Clock gating: Clock gating is an effective low-overhead technique for reducing power in the clock line by shutting off clock switching in the idle logic blocks. Conditionally switching the clock line in a localized manner, however, causes test concern. Clock gating increases temporal variations in supply current drawn from the power-grid (which can be modeled as a big RLC network) causing inductive voltage droop. Such local transient fluctuations in power-grid affect signal propagation through logic gates resulting in timing failure unless sufficient margin is not maintained during design time. Delay test generation and application require mimicking the worst-case droop in power grid to realistically capture the delay variation.

Advanced Power and Thermal Management: Due to quadratic dependence of dynamic power of a circuit on its operating voltage, supply voltage scaling (along with commensurate scaling of operating frequency) has been extremely effective in reducing the power dissipation. As we have noted earlier, high performance systems such as processors or SoCs, also suffer from high power density issue that results in high junction temperature. The temperature issue is typically addressed by monitoring the temperature of processing units (using distributed temperature sensors) and throttling clock frequency or reducing voltage when the temperature goes beyond a threshold [34].

Such dynamic power and thermal management techniques are attractive since they can achieve maximum performance under a power-temperature envelope. However, they can have undesirable consequences on test. Circuit delay changes in a non-linear fashion with voltage and temperature and the dependence of delay on operating condition changes

unpredictably with process variations. Moreover, temperature-induced variations are often local due to presence of localized thermal gradient. This makes a static design-time delay calibration at different operating conditions very unrealistic. However, an important test challenge is to define the worst-case timing condition during test. Different activity levels in different parts of a dies cause variations in junction temperature. The worst-case condition may correspond to a non-uniform power level, which may be difficult to emulate in test mode using an ATE. Testing all the processing units for the worst-case condition may cause over-testing leading to yield loss. On the other hand, leaving some paths untested under worst-case temperature distribution may result test escape. Finally, during functional testing, an ATE need to correctly predict the thermal trigger point in order to avoid false alarm. The problem aggravates for emerging multi-core platforms that distribute workload (with the help of operating system) among multiple cores to achieve power efficiency. Since the thermal conditions on different cores are functions of applications and operating system, it is difficult to structure delay test for the worst-case thermal distribution.

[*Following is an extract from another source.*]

(* Let $(X,d,\ll,\le,\tau)$ be a Lorentzian length space. Then: globally hyperbolic $\Rightarrow$ causally simple $\Rightarrow$ causally continuous $\Rightarrow$ stably causal. In addition, if $(X,d)$ is locally compact, then stably causal $\Rightarrow$ strongly causal.
   Context: A causal space $(X,\ll,\le)$ is a set $X$ with two transitive relations $\ll,\le$ such that $\le$ is reflexive and $x\ll y\Rightarrow x\le y$; write $p<q$ if $p\le q$ and $p\neq q$. Set $I^+(x)=\{y: x\ll y\}$, $I^-(x)=\{y: y\ll x\}$, $J^+(x)=\{y:x\le y\}$, $J^-(x)=\{y:y\le x\}$. A Lorentzian pre-length space $(X,d,\ll,\le,\tau)$ is a causal space together with a metric $d$ on $X$ and a function $\tau:X\times X\to[0,\infty]$ that is lower semicontinuous with respect to the topology of $d$, satisfies $\tau(x,z)\ge\tau(x,y)+\tau(y,z)$ whenever $x\le y\le z$, $\tau(x,y)=0$ if $x\not\le y$, and $\tau(x,y)>0\iff x\ll y$. All topological notions refer to the metric topology of $d$. A future directed causal (resp. timelike) curve is a non-constant Lipschitz map $\gamma:I\to X$ ($I\subset\mathbb R$ an interval) with $\gamma(s)\le\gamma(t)$ (resp. $\gamma(s)\ll\gamma(t)$) for all $s<t$. For a future directed causal $\gamma:[a,b]\to X$, $L_\tau(\gamma)=\inf\sum_{i=0}^{N-1}\tau(\gamma(t_i),\gamma(t_{i+1}))$ over all partitions $a=t_0<\dots<t_N=b$. The space is causally path connected if whenever $x\le y$ (resp. $x\ll y$) there is a future directed causal (resp. timelike) curve from $x$ to $y$. For open $U\subset X$, $p\le_U q$ means there is a future directed causal curve from $p$ to $q$ with image in $U$. A neighborhood $U$ is causally closed if whenever $p_n\le_U q_n$ with $p_n\to p\in U$, $q_n\to q\in U$, then $p\le_U q$; the space is locally causally closed if every point has a causally closed neighborhood. The space is localizable if every $x$ has a neighborhood $\Omega_x$ such that: (i) all causal curves contained in $\Omega_x$ have uniformly bounded $d$-length; (ii) there is a continuous $\omega_x:\Omega_x\times\Omega_x\to[0,\infty)$ such that $(\Omega_x,d|_{\Omega_x\times\Omega_x},\ll|_{\Omega_x},\le|_{\Omega_x},\omega_x)$ is a Lorentzian pre-length space, and $I^\pm(y)\cap\Omega_x\ne\emptyset$ for every $y\in\Omega_x$; (iii) for all $p,q\in\Omega_x$ with $p<q$ there is a future causal curve $\gamma_{p,q}$ from $p$ to $q$ with $L_\tau(\gamma_{p,q})\ge L_\tau(\gamma)$ for every future causal curve $\gamma\subset\Omega_x$ from $p$ to $q$, and $L_\tau(\gamma_{p,q})=\omega_x(p,q)$. A Lorentzian length space is a causally path connected, locally causally closed, localizable Lorentzian pre-length space with $\tau(x,y)=\sup\{L_\tau(\gamma):\gamma$ a future causal curve from $x$ to $y\}$. Causality notions: causal: $x\le y$, $y\le x\Rightarrow x=y$. Non-totally imprisoning: for every compact $K\subset X$ there is $C\ge0$ bounding the $d$-arclength of every causal curve contained in $K$. Globally hyperbolic: non-totally imprisoning and $J^+(x)\cap J^-(y)$ compact for all $x,y$. Causally simple: causal and $J^\pm(x)$ closed for all $x$. Distinguishing: $I^+(x)=I^+(y)\Rightarrow x=y$ and $I^-(x)=I^-(y)\Rightarrow x=y$. Reflective: $I^+(x)\subset I^+(y)\Rightarrow I^-(y)\subset I^-(x)$ and $I^-(y)\subset I^-(x)\Rightarrow I^+(x)\subset I^+(y)$ for all $x,y$. Causally continuous: distinguishing and reflective. $K^+$: the smallest transitive, closed (in $X\times X$) relation containing $J^+=\{(x,y):x\le y\}$; stably causal: $K^+$ antisymmetric. Strongly causal: the Alexandrov topology (subbase $\{I^+(x)\cap I^-(y)\}$) coincides with the metric topology of $d$. *)

theory Defs
  imports "HOL-Analysis.Analysis" "HOL-Library.Extended_Nonnegative_Real"
begin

# 3. Test Considerations under Process Variations

Process variations can cause parametric yield loss since a circuit designed at nominal process corner may fail to satisfy target delay, leakage or noise margin under parameter variations [11-14, 18]. Conventional wisdom dictates a conservative design approach (e.g., scaling up the  $V_{DD}$  or upsizing logic gates) to avoid large number of chip failures due to variations. However, such techniques come at the cost of considerable increase in power and/or die area. Over the past few years, researchers have looked for alternative design paradigms to ensure parametric yield under variations with minimal design overhead. Design approaches that are robust with respect to process variations and at the same time, suitable for low power operation have also been investigated. Static and dynamic voltage scaling as well as multi-threshold approach to reduce power dissipation, however, requires comfortable timing margin built into the design. Process variations make low-power design difficult since the timing margin becomes a probabilistic parameter. Further, design optimization using voltage scaling, dual-V<sub>th</sub> assignment and gate sizing to improve power typically increase the number of critical paths in a circuit, giving rise to the so-called "wall effect". This causes concern in terms of path delay fault testability and parametric yield. In order to appropriately capture the impact of parameter variations in circuit functionality and address the associated design and test challenges, a paradigm shift from static to statistical analysis/design approach seems more appropriate.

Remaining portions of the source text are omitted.